EU Referendum


Brexit: a Damascene conversion


29/11/2016





So opposed to the "Norway option" was Peter Wilding, director of British Influence, that in February of this year – well before the referendum - he invited the Norwegian Europe minister, Vidar Helgesen, over to the UK to tell us how awful it was.

We got the usual low-grade BS from Helgesen, with him telling us that British Eurosceptics often say the Norwegian experience is evidence of how a country outside the EU, but enjoying the benefits of the single market through membership of the EEA, can prosper without having to commit itself to full membership.

Helgesen, on the other hand, said that this arrangement often created frustrations and difficulties, which meant Norwegian ministers and officials spent a lot of time – sometimes without success – trying to find out what was going on in EU meetings that would affect their country directly.

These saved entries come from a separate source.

(* Let $(\mathcal M^-,\mathcal M^+)$ and $(\mathcal N^-,\mathcal N^+)$ be symbolic matrix bisystems satisfying FPCC. If they are properly strong shift equivalent in 1-step, then they are strong shift equivalent in 1-step.
   Context: Formal sums/specifications: $\mathfrak S_\Sigma$ = finite formal sums over a finite alphabet; products of matrices over $C$ and $D$ are over $C\cdot D=\{cd\}$; a specification is a bijection from a subset of one alphabet (possibly of two-letter words) onto a subset of another; $\mathcal A\overset{\phi}{\simeq}\mathcal A'$ means $\mathcal A'$ is obtained by replacing each symbol (resp. two-letter word) $a$ of $\mathcal A$ by $\phi(a)$; $\kappa(ab)=ba$. Symbolic matrix bisystem over $\Sigma^\pm$: $(\mathcal M^-_{l,l+1},\mathcal M^+_{l,l+1})_{l\ge0}$, $m(l)\times m(l+1)$ matrices over $\mathfrak S_{\Sigma^-},\mathfrak S_{\Sigma^+}$, no zero rows/columns, no symbol repeated within an entry or a column, $\mathcal M^-_{l,l+1}\mathcal M^+_{l+1,l+2}\overset{\kappa}{\simeq}\mathcal M^+_{l,l+1}\mathcal M^-_{l+1,l+2}$. FPCC: $m(0)=1$, $\Sigma^-=\Sigma^+$, and for each $l\ge1,j$ the words in $[\mathcal M^-_{0,1}\cdots\mathcal M^-_{l-1,l}](1,j)$ are the reversals of those in $[\mathcal M^+_{0,1}\cdots\mathcal M^+_{l-1,l}](1,j)$. Properly strong shift equivalent in 1-step ($\mathcal M$ over $\Sigma_\mathcal M$, $\mathcal N$ over $\Sigma_\mathcal N$, sizes $m(l),n(l)$): alphabets $C,D$, specifications $\varphi:\Sigma_\mathcal M\to C\cdot D$, $\phi:\Sigma_\mathcal N\to D\cdot C$, matrices $\mathcal P_l$ ($c(l)\times d(l+1)$ over $C$), $\mathcal Q_l$ ($d(l)\times c(l+1)$ over $D$), $\mathcal X_l$ over $D$ ($d(l)\times d(l+1)$, $l$ odd; $c(l)\times c(l+1)$, $l$ even), $\mathcal Y_l$ over $C$ ($c(l)\times c(l+1)$, $l$ odd; $d(l)\times d(l+1)$, $l$ even) with $\mathcal M^+_{l,l+1}\overset{\varphi}{\simeq}\mathcal P_{2l}\mathcal Q_{2l+1}$, $\mathcal N^+_{l,l+1}\overset{\phi}{\simeq}\mathcal Q_{2l}\mathcal P_{2l+1}$, $\mathcal M^-_{l,l+1}\overset{\kappa\varphi}{\simeq}\mathcal X_{2l}\mathcal Y_{2l+1}$, $\mathcal N^-_{l,l+1}\overset{\kappa\phi}{\simeq}\mathcal Y_{2l}\mathcal X_{2l+1}$, $\mathcal Y_{2l+1}\mathcal P_{2l+2}\overset{\kappa}{\simeq}\mathcal P_{2l+1}\mathcal Y_{2l+2}$, $\mathcal X_{2l+1}\mathcal Q_{2l+2}\overset{\kappa}{\simeq}\mathcal Q_{2l+1}\mathcal X_{2l+2}$, $\mathcal X_{2l}\mathcal P_{2l+1}\overset{\kappa}{\simeq}\mathcal P_{2l}\mathcal X_{2l+1}$, $\mathcal Y_{2l}\mathcal Q_{2l+1}\overset{\kappa}{\simeq}\mathcal Q_{2l}\mathcal Y_{2l+1}$ for all $l\ge0$. Strong shift equivalent in 1-step (for symbolic matrix bisystems $\mathcal M$ over $\Sigma^\pm_\mathcal M$, $\mathcal N$ over $\Sigma^\pm_\mathcal N$): there exist alphabets $C,D$, specifications $\varphi_1:\Sigma^-_\mathcal M\cdot\Sigma^+_\mathcal M\to C\cdot D$, $\varphi_2:\Sigma^-_\mathcal N\cdot\Sigma^+_\mathcal N\to D\cdot C$, $\phi^\pm_C:\Sigma^\pm_\mathcal M\cdot C\to C\cdot\Sigma^\pm_\mathcal N$, $\phi^\pm_D:\Sigma^\pm_\mathcal N\cdot D\to D\cdot\Sigma^\pm_\mathcal M$, and for each $l$ an $m(l)\times n(l+1)$ matrix $\mathcal H_l$ over $C$ and an $n(l)\times m(l+1)$ matrix $\mathcal K_l$ over $D$ with $\mathcal M^-_{l,l+1}\mathcal M^+_{l+1,l+2}\overset{\varphi_1}{\simeq}\mathcal H_l\mathcal K_{l+1}$, $\mathcal N^-_{l,l+1}\mathcal N^+_{l+1,l+2}\overset{\varphi_2}{\simeq}\mathcal K_l\mathcal H_{l+1}$, $\mathcal M^+_{l,l+1}\mathcal H_{l+1}\overset{\phi^+_C}{\simeq}\mathcal H_l\mathcal N^+_{l+1,l+2}$, $\mathcal N^+_{l,l+1}\mathcal K_{l+1}\overset{\phi^+_D}{\simeq}\mathcal K_l\mathcal M^+_{l+1,l+2}$, $\mathcal M^-_{l,l+1}\mathcal H_{l+1}\overset{\phi^-_C}{\simeq}\mathcal H_l\mathcal N^-_{l+1,l+2}$, $\mathcal N^-_{l,l+1}\mathcal K_{l+1}\overset{\phi^-_D}{\simeq}\mathcal K_l\mathcal M^-_{l+1,l+2}$. *)

theory Defs
  imports Main "HOL-Library.Multiset"
begin

text \<open>A word is a list of symbols; a formal sum of words is a multiset of
  words. A symbolic matrix is a function of (row, column) indices (0-based), with its
  dimensions given separately.\<close>

type_synonym word = "nat list"
type_synonym smat = "nat \<Rightarrow> nat \<Rightarrow> word multiset"

definition words1 :: "nat set \<Rightarrow> word set" where
  "words1 A = {[a] | a. a \<in> A}"

definition words2 :: "nat set \<Rightarrow> nat set \<Rightarrow> word set" where
  "words2 A B = {[a, b] | a b. a \<in> A \<and> b \<in> B}"

definition over :: "nat set \<Rightarrow> nat \<Rightarrow> nat \<Rightarrow> smat \<Rightarrow> bool" where
  "over A r c M \<longleftrightarrow> (\<forall>i<r. \<forall>j<c. set_mset (M i j) \<subseteq> words1 A)"

definition mconc :: "word multiset \<Rightarrow> word multiset \<Rightarrow> word multiset" where
  "mconc X Y = (\<Sum>u\<in>#X. image_mset (\<lambda>v. u @ v) Y)"

definition mprod :: "nat \<Rightarrow> smat \<Rightarrow> smat \<Rightarrow> smat" where
  "mprod k A B = (\<lambda>i j. \<Sum>t<k. mconc (A i t) (B t j))"

fun mpow :: "(nat \<Rightarrow> nat) \<Rightarrow> (nat \<Rightarrow> smat) \<Rightarrow> nat \<Rightarrow> smat" where
  "mpow m M 0 = (\<lambda>i j. if i = j then {#[]#} else {#})"
| "mpow m M (Suc l) = mprod (m l) (mpow m M l) (M l)"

"We [Norway] are fully integrated into the EU single market as members of the EEA, but what we don't have is the right to vote on those regulations that are incorporated into our law when they are made by the council of ministers", he added.

On occasion, Brussels has sprung surprises that the Norwegians could not predict. The same kind of frustrations could well face the UK. "You would not have all those Brits staffing the commission where the decisions are made", said Helgesen. "Britain being on the outside would obviously not have that amount of people on the inside. You would find it more difficult, as a result, to affect the regulations".

On the back of this, Wilding roundly declared: "Eurosceptics who peddle the myth that Norway is the best [model] for a non-EU Britain are deceiving the British public. They say leaving leads to more democracy and security. This is nonsense".

In full spate, Wilding then said: "We now have the Norwegian Europe minister himself telling us to get a grip, get real and get involved in shaping Europe. Little England cannot be an option".

But now, a mere eight months later, this same Mr Wilding is so convinced of the merits of belonging to the EEA that he is preparing a legal challenge to the government to decide whether it can withdraw from it.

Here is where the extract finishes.